TASK STATEMENT: Copy the listing out exactly as shown.

_ _ _ _ _

lemma acc_rename:
  assumes "x \<in> states X" "y \<in> states X"
  shows "(h x, \<sigma>, h y) \<in> acc (rename_states h X) \<longleftrightarrow> (x, \<sigma>, y) \<in> acc X"
proof -
  have "x = x'" "y = y'" if "(x', \<sigma>, y') \<in> acc X" "h x = h x'" "h y = h y'" for x' y'
  proof -
    have "x' \<in> states X" "y' \<in> states X"
      using acc_in_Delta[OF wf that(1)] trans_subset_states[OF wf] by blast+
    then show "x = x'" "y = y'" using that(2,3) assms inj_onD[OF inj] by blast+
  qed
  then show ?thesis by (force simp: rename_states_def)
qed

lemma wf_rename: "wf_tNCW (rename_states h X)"
proof -
  have "trans (rename_states h X) p \<sigma> \<noteq> {} \<and> trans (rename_states h X) p \<sigma> \<subseteq> h ` states X"
    if "p \<in> h ` states X" "\<sigma> \<in> alph X" for p \<sigma>
    using that trans_rename trans_nonempty[OF wf] trans_subset_states[OF wf] by fastforce
  moreover have "t \<in> Delta (rename_states h X)" if t_acc: "t \<in> acc (rename_states h X)" for t
  proof -
    obtain x \<sigma> y where t: "t = (h x, \<sigma>, h y)" "(x, \<sigma>, y) \<in> acc X"
      using t_acc by (auto simp: rename_states_def)
    then have "x \<in> states X" "\<sigma> \<in> alph X" "y \<in> trans X x \<sigma>"
      using acc_in_Delta[OF wf] by blast+
    then show ?thesis using t trans_rename by (auto simp: Delta_def)
  qed
  ultimately show ?thesis using wf unfolding wf_tNCW_def by auto
qed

_ _ _ _ _

TASK RESPONSE:
lemma acc_rename:
  assumes "x \<in> states X" "y \<in> states X"
  shows "(h x, \<sigma>, h y) \<in> acc (rename_states h X) \<longleftrightarrow> (x, \<sigma>, y) \<in> acc X"
proof -
  have "x = x'" "y = y'" if "(x', \<sigma>, y') \<in> acc X" "h x = h x'" "h y = h y'" for x' y'
  proof -
    have "x' \<in> states X" "y' \<in> states X"
      using acc_in_Delta[OF wf that(1)] trans_subset_states[OF wf] by blast+
    then show "x = x'" "y = y'" using that(2,3) assms inj_onD[OF inj] by blast+
  qed
  then show ?thesis by (force simp: rename_states_def)
qed

lemma wf_rename: "wf_tNCW (rename_states h X)"
proof -
  have "trans (rename_states h X) p \<sigma> \<noteq> {} \<and> trans (rename_states h X) p \<sigma> \<subseteq> h ` states X"
    if "p \<in> h ` states X" "\<sigma> \<in> alph X" for p \<sigma>
    using that trans_rename trans_nonempty[OF wf] trans_subset_states[OF wf] by fastforce
  moreover have "t \<in> Delta (rename_states h X)" if t_acc: "t \<in> acc (rename_states h X)" for t
  proof -
    obtain x \<sigma> y where t: "t = (h x, \<sigma>, h y)" "(x, \<sigma>, y) \<in> acc X"
      using t_acc by (auto simp: rename_states_def)
    then have "x \<in> states X" "\<sigma> \<in> alph X" "y \<in> trans X x \<sigma>"
      using acc_in_Delta[OF wf] by blast+
    then show ?thesis using t trans_rename by (auto simp: Delta_def)
  qed
  ultimately show ?thesis using wf unfolding wf_tNCW_def by auto
qed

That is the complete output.